:: Work instructions ::
From the line that contains "proof (intro allI impI)" through the line that contains "using r0 by", output every line of the listing below exactly and leave out all the rest.

:: Data to process ::

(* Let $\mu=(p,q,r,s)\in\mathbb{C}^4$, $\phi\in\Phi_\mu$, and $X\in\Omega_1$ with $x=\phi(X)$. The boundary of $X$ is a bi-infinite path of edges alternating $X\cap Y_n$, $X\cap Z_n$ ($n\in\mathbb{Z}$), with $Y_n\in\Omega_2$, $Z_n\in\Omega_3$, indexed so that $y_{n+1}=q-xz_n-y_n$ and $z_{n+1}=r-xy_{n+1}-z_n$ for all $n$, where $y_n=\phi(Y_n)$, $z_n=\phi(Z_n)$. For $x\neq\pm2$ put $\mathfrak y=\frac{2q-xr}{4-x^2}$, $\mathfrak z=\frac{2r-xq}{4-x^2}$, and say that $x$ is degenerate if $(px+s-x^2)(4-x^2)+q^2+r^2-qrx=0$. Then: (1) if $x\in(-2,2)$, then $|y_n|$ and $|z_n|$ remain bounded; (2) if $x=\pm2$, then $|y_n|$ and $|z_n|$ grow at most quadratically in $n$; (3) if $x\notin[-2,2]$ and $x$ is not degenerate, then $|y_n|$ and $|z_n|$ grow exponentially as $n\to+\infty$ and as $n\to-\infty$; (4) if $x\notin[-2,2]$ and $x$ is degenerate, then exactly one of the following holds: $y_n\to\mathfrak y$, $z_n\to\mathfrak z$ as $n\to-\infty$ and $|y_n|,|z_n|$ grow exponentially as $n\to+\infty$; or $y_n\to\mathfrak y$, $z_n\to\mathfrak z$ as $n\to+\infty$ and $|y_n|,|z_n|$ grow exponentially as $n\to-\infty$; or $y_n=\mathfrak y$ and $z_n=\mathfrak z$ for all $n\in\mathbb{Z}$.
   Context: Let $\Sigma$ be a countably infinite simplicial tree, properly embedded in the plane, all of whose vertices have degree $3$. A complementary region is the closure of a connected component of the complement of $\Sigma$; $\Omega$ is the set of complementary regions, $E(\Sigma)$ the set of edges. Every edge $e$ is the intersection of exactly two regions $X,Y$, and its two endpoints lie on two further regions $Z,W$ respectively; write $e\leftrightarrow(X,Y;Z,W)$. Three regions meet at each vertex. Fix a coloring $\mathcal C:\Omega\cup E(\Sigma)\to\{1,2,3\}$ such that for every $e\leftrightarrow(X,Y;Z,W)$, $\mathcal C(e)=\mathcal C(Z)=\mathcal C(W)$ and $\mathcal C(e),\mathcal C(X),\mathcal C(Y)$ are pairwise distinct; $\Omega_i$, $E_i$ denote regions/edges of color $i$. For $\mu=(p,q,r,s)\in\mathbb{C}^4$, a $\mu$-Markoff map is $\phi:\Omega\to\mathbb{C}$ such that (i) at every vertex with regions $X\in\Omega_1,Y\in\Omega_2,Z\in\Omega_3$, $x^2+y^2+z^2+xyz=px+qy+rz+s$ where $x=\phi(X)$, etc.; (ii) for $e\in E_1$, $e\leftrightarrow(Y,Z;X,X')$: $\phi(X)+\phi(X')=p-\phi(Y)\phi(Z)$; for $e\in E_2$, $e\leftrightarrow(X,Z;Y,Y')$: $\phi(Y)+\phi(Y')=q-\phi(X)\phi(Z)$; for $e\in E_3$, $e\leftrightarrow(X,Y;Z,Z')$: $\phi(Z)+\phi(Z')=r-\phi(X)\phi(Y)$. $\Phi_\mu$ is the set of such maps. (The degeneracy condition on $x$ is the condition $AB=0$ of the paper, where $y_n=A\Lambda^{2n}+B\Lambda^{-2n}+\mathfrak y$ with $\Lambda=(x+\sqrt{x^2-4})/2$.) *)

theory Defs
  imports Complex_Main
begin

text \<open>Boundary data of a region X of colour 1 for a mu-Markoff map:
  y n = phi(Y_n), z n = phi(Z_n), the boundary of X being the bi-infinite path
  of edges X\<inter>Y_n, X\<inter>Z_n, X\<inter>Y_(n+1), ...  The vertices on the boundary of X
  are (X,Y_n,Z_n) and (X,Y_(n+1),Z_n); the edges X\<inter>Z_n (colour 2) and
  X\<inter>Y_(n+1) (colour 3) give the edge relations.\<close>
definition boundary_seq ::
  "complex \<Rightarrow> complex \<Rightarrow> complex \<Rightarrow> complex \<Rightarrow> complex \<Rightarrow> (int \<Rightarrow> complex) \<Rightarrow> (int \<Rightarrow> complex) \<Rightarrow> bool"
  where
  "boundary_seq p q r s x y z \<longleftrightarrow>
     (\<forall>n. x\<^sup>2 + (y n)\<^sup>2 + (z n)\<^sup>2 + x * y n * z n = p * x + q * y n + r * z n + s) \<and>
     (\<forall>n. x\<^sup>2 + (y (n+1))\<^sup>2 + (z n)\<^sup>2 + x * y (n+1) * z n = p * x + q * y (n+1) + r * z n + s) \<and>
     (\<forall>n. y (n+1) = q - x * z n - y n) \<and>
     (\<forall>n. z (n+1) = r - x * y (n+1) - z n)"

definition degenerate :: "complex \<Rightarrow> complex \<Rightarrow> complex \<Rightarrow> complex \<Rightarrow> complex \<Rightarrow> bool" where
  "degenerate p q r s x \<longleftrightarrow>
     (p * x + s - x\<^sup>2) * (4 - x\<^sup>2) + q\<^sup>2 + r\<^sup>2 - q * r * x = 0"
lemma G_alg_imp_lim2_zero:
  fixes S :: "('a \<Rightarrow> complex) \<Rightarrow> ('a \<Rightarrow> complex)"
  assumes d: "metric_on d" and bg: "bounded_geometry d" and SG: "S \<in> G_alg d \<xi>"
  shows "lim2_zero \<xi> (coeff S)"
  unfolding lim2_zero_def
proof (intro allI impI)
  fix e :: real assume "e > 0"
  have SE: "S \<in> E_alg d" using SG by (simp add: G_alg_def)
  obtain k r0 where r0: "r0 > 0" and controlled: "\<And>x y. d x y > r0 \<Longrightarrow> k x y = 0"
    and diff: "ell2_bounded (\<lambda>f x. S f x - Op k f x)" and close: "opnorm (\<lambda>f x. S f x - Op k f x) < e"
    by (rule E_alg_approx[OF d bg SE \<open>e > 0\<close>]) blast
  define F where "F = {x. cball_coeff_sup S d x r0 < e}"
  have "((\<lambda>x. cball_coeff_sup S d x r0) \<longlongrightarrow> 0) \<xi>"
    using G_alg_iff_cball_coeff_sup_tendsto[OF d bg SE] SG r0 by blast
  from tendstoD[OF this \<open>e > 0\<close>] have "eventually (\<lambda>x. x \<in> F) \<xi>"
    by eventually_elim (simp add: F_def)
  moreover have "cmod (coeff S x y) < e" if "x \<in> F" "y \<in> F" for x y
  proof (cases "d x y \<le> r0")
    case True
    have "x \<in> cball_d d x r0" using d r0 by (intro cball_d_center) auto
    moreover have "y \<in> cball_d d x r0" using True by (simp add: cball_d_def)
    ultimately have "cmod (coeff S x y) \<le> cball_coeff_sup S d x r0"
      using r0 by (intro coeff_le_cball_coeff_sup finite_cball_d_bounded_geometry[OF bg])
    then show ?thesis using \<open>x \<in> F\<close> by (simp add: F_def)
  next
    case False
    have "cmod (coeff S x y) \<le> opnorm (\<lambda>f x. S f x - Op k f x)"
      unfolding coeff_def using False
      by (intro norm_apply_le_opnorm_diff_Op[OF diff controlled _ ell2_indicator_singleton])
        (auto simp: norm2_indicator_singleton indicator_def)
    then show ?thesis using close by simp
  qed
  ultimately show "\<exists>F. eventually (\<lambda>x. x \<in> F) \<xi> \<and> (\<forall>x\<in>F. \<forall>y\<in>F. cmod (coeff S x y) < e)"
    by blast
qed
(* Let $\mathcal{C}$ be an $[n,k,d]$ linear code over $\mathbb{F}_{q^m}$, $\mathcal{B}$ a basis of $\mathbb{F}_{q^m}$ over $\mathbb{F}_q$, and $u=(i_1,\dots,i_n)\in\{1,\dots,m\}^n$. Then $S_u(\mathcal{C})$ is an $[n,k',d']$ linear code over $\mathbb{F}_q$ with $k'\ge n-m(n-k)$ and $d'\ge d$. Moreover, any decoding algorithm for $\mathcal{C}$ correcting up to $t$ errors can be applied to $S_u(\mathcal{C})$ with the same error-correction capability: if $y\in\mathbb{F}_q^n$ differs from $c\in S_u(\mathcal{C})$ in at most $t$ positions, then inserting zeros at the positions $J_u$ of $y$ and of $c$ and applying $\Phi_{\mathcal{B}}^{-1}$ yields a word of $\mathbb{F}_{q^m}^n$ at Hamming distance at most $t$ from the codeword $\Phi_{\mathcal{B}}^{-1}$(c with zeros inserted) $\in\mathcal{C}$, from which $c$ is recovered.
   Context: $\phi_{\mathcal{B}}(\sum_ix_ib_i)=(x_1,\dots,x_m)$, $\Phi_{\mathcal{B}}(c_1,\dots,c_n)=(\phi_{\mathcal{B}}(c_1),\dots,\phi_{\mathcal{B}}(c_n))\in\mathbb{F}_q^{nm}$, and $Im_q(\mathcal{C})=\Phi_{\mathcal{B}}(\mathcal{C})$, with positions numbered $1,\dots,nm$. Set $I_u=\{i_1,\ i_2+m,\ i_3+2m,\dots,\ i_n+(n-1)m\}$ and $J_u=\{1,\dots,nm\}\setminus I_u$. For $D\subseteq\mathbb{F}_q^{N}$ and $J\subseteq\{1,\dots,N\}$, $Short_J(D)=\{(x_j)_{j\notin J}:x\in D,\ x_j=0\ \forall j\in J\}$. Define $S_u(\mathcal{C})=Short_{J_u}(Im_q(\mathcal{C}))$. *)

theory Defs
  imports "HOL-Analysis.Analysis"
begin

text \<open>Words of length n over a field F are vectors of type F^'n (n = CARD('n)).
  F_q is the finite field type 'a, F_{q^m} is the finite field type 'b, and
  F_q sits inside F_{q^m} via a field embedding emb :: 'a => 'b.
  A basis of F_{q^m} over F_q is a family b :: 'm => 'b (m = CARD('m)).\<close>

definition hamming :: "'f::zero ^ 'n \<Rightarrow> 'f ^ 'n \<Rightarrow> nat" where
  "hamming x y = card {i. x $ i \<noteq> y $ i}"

:: Output below ::
proof (intro allI impI)
  fix e :: real assume "e > 0"
  have SE: "S \<in> E_alg d" using SG by (simp add: G_alg_def)
  obtain k r0 where r0: "r0 > 0" and controlled: "\<And>x y. d x y > r0 \<Longrightarrow> k x y = 0"
    and diff: "ell2_bounded (\<lambda>f x. S f x - Op k f x)" and close: "opnorm (\<lambda>f x. S f x - Op k f x) < e"
    by (rule E_alg_approx[OF d bg SE \<open>e > 0\<close>]) blast
  define F where "F = {x. cball_coeff_sup S d x r0 < e}"
  have "((\<lambda>x. cball_coeff_sup S d x r0) \<longlongrightarrow> 0) \<xi>"
    using G_alg_iff_cball_coeff_sup_tendsto[OF d bg SE] SG r0 by blast
  from tendstoD[OF this \<open>e > 0\<close>] have "eventually (\<lambda>x. x \<in> F) \<xi>"
    by eventually_elim (simp add: F_def)
  moreover have "cmod (coeff S x y) < e" if "x \<in> F" "y \<in> F" for x y
  proof (cases "d x y \<le> r0")
    case True
    have "x \<in> cball_d d x r0" using d r0 by (intro cball_d_center) auto
    moreover have "y \<in> cball_d d x r0" using True by (simp add: cball_d_def)
    ultimately have "cmod (coeff S x y) \<le> cball_coeff_sup S d x r0"
      using r0 by (intro coeff_le_cball_coeff_sup finite_cball_d_bounded_geometry[OF bg])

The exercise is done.